# Directions:
Keep to one stretch of the data below, the lines from the one with "using measurable_compose[OF X_joint" up to and including the one with "by (simp add: interval_integral_0_eq_integral_indicator", and return that stretch exactly.

#### Task input

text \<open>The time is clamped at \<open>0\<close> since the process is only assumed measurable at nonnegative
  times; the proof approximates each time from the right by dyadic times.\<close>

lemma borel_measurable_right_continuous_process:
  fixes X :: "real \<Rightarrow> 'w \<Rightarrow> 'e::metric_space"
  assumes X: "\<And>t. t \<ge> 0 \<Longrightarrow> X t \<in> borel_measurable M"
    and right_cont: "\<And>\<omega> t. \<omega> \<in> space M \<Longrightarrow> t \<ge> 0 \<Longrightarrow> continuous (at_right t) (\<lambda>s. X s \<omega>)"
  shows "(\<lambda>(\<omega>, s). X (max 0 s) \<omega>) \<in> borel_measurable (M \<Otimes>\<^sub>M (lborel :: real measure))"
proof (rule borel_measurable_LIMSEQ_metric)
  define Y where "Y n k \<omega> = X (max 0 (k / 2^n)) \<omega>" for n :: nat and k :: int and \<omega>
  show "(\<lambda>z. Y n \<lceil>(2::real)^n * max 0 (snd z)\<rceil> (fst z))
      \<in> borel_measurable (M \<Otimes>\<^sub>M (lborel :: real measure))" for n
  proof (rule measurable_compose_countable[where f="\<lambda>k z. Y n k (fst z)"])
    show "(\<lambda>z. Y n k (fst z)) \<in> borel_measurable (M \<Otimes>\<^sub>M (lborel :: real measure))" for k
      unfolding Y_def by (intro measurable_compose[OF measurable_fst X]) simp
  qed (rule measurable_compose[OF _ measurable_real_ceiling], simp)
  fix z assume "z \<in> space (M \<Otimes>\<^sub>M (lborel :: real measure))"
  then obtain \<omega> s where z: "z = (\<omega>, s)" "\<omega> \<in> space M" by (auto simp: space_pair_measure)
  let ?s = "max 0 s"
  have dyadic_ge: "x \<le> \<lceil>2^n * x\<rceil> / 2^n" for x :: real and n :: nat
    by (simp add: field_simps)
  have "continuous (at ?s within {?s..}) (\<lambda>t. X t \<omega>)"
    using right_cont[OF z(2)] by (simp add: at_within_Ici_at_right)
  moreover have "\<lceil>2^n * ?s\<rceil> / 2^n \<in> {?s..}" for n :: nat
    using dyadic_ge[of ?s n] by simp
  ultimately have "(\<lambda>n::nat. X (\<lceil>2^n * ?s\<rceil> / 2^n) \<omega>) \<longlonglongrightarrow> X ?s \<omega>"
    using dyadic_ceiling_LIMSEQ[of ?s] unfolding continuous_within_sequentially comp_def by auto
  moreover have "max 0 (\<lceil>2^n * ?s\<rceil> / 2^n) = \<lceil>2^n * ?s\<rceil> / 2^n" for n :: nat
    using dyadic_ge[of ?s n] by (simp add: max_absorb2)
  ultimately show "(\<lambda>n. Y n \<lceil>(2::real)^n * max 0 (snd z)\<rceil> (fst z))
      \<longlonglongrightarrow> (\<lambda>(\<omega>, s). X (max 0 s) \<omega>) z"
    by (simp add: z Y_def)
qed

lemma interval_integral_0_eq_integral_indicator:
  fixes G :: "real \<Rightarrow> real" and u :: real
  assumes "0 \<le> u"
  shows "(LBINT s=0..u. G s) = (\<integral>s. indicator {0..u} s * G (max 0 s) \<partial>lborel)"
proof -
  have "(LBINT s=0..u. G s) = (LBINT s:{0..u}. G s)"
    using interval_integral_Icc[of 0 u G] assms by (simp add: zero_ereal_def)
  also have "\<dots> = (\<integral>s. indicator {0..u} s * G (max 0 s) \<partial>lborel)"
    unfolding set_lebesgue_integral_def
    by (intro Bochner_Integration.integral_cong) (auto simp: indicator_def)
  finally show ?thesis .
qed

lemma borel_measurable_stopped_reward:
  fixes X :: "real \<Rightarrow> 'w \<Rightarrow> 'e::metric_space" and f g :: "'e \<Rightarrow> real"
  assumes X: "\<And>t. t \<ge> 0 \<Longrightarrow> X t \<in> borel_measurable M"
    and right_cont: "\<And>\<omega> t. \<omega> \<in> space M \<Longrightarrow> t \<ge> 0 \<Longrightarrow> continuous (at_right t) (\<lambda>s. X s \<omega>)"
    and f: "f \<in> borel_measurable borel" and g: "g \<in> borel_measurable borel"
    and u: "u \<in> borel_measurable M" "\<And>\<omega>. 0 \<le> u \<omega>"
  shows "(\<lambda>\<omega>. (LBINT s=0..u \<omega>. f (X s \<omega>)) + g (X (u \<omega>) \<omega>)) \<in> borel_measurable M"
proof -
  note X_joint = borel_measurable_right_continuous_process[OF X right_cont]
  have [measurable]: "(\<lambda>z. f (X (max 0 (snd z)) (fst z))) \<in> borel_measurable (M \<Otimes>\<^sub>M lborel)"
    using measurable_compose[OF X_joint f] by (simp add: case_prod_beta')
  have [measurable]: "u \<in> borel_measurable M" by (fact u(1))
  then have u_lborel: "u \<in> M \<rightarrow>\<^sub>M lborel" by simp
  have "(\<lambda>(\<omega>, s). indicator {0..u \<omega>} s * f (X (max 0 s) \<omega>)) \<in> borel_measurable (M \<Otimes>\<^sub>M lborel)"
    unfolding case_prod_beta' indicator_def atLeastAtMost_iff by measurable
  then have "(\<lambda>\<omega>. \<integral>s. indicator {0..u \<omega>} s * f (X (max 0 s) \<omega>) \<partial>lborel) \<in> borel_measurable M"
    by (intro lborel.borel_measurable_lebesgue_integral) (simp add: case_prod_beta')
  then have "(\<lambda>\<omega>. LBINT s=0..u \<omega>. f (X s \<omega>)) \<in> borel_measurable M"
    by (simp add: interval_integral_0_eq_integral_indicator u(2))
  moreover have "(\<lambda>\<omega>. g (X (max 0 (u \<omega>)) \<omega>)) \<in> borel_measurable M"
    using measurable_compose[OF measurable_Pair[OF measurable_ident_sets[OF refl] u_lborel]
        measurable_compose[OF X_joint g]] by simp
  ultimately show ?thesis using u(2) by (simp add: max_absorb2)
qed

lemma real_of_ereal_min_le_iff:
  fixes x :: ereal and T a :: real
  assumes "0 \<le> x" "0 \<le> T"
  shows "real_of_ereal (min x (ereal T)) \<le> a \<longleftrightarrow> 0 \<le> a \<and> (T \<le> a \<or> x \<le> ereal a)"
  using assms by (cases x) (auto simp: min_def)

########

# Finished task:
    using measurable_compose[OF X_joint f] by (simp add: case_prod_beta')
  have [measurable]: "u \<in> borel_measurable M" by (fact u(1))
  then have u_lborel: "u \<in> M \<rightarrow>\<^sub>M lborel" by simp
  have "(\<lambda>(\<omega>, s). indicator {0..u \<omega>} s * f (X (max 0 s) \<omega>)) \<in> borel_measurable (M \<Otimes>\<^sub>M lborel)"
    unfolding case_prod_beta' indicator_def atLeastAtMost_iff by measurable
  then have "(\<lambda>\<omega>. \<integral>s. indicator {0..u \<omega>} s * f (X (max 0 s) \<omega>) \<partial>lborel) \<in> borel_measurable M"
    by (intro lborel.borel_measurable_lebesgue_integral) (simp add: case_prod_beta')
  then have "(\<lambda>\<omega>. LBINT s=0..u \<omega>. f (X s \<omega>)) \<in> borel_measurable M"
    by (simp add: interval_integral_0_eq_integral_indicator u(2))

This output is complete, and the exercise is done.